# Dentists and Vets info



## Geraldine (Jan 3, 2009)

Good morning, Can you 'fountains of knowledge' advise about dentists ( for an over 60, can't believe I am as I write that!!) and vets for my 2 Springer Spaniels around Paphos area please. I noticed on my last visit there is a vet on the road leading up to Konia. We shall be over in Paphos for a weeks holiday a week today, can't wait.!!lane:

Regards, Geraldine.


----------



## Veronica (Apr 5, 2008)

Geraldine said:


> Good morning, Can you 'fountains of knowledge' advise about dentists ( for an over 60, can't believe I am as I write that!!) and vets for my 2 Springer Spaniels around Paphos area please. I noticed on my last visit there is a vet on the road leading up to Konia. We shall be over in Paphos for a weeks holiday a week today, can't wait.!!lane:
> 
> Regards, Geraldine.


Hi Geraldine,

Yes there is a vets in Konia, on the main road leading up to Armou. We live just up the road from it.
There is also a very good vet on the Mesogi/Polis road up on the right hand side before you turn off to Mesogi.
As for dentists it depends where you are going to be living.
If you are going to be on the Western side of paphos, ie. Chloraka, Emba etc there is an excellent dentist in Chloraka, if y ou are going to be on the Eastern side the dentist we now use is a really nice guy who trained in Greece and Sheffield. I can give you detaisl of exactly where both of these dentists are.
By the way we must get together for a coffeee when you come over and talk about those places in Yorkshire that we both know so well.


----------



## Cleo Shahateet (Feb 23, 2009)

I have heard good things about the vet on the way up to Armou. My mother-in-law takes her two dogs there and is very happy with him. Can't recommend a dentist though, even though I have been to a few :-(


----------



## Veronica (Apr 5, 2008)

Cleo Shahateet said:


> I have heard good things about the vet on the way up to Armou. My mother-in-law takes her two dogs there and is very happy with him.
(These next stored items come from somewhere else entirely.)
text \<open>The symmetric form M(w): M_ij = w_ij - w_i w_j - delta_ij, M_ia = w_ia,
  M_ab = w_ab + w_a w_b + delta_ab.\<close>
definition Mform :: "((real^'a) \<times> (real^'b) \<Rightarrow> real) \<Rightarrow> (real^'a) \<times> (real^'b)
                   \<Rightarrow> (real^'a) \<times> (real^'b) \<Rightarrow> (real^'a) \<times> (real^'b) \<Rightarrow> real" where
  "Mform w p X Y = hess w p X Y
      - (grad_x w p \<bullet> fst X) * (grad_x w p \<bullet> fst Y) - fst X \<bullet> fst Y
      + (grad_y w p \<bullet> snd X) * (grad_y w p \<bullet> snd Y) + snd X \<bullet> snd Y"

definition M_posdef :: "((real^'a) \<times> (real^'b) \<Rightarrow> real) \<Rightarrow> (real^'a) \<times> (real^'b) \<Rightarrow> bool" where
  "M_posdef w p \<longleftrightarrow> (\<forall>X\<in>tangent p. X \<noteq> 0 \<longrightarrow> Mform w p X X > 0)"

definition tdim :: "('a::finite \<times> 'b::finite) itself \<Rightarrow> nat" where
  "tdim _ = CARD('a) + CARD('b) - 2"

definition is_onframe :: "(real^'a) \<times> (real^'b) \<Rightarrow> (nat \<Rightarrow> (real^'a) \<times> (real^'b)) \<Rightarrow> bool" where
  "is_onframe p e \<longleftrightarrow>
     (\<forall>i<tdim TYPE('a \<times> 'b). e i \<in> tangent p) \<and>
     (\<forall>i<tdim TYPE('a \<times> 'b). \<forall>j<tdim TYPE('a \<times> 'b). e i \<bullet> e j = (if i = j then 1 else 0)) \<and>
     span (e ` {..<tdim TYPE('a \<times> 'b)}) = tangent p"

text \<open>det M(w) computed in a (any) local orthonormal frame; Leibniz formula.\<close>
definition detM :: "((real^'a) \<times> (real^'b) \<Rightarrow> real) \<Rightarrow> (real^'a) \<times> (real^'b) \<Rightarrow> real" where
  "detM w p = (let e = (SOME e. is_onframe p e); d = tdim TYPE('a \<times> 'b) in
     (\<Sum>\<sigma> | \<sigma> permutes {..<d}. of_int (sign \<sigma>) * (\<Prod>i<d. Mform w p (e i) (e (\<sigma> i)))))"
Can't recommend a dentist though, even though I have been to a few :-(


Try Phillipos Lambrianou.
Hes the one we use now since we moved to this side of paphos. Really nice guy and he's saved two of my crowns that I thought were goners. Phew, I dont want to end up with dentures.


----------



## Geraldine (Jan 3, 2009)

Veronica said:


> Try Phillipos Lambrianou.
> Hes the one we use now since we moved to this side of paphos. Really nice guy and he's saved two of my crowns that I thought were goners. Phew, I dont want to end up with dentures.


Thanks for the replies.:clap2:

Geraldine:


----------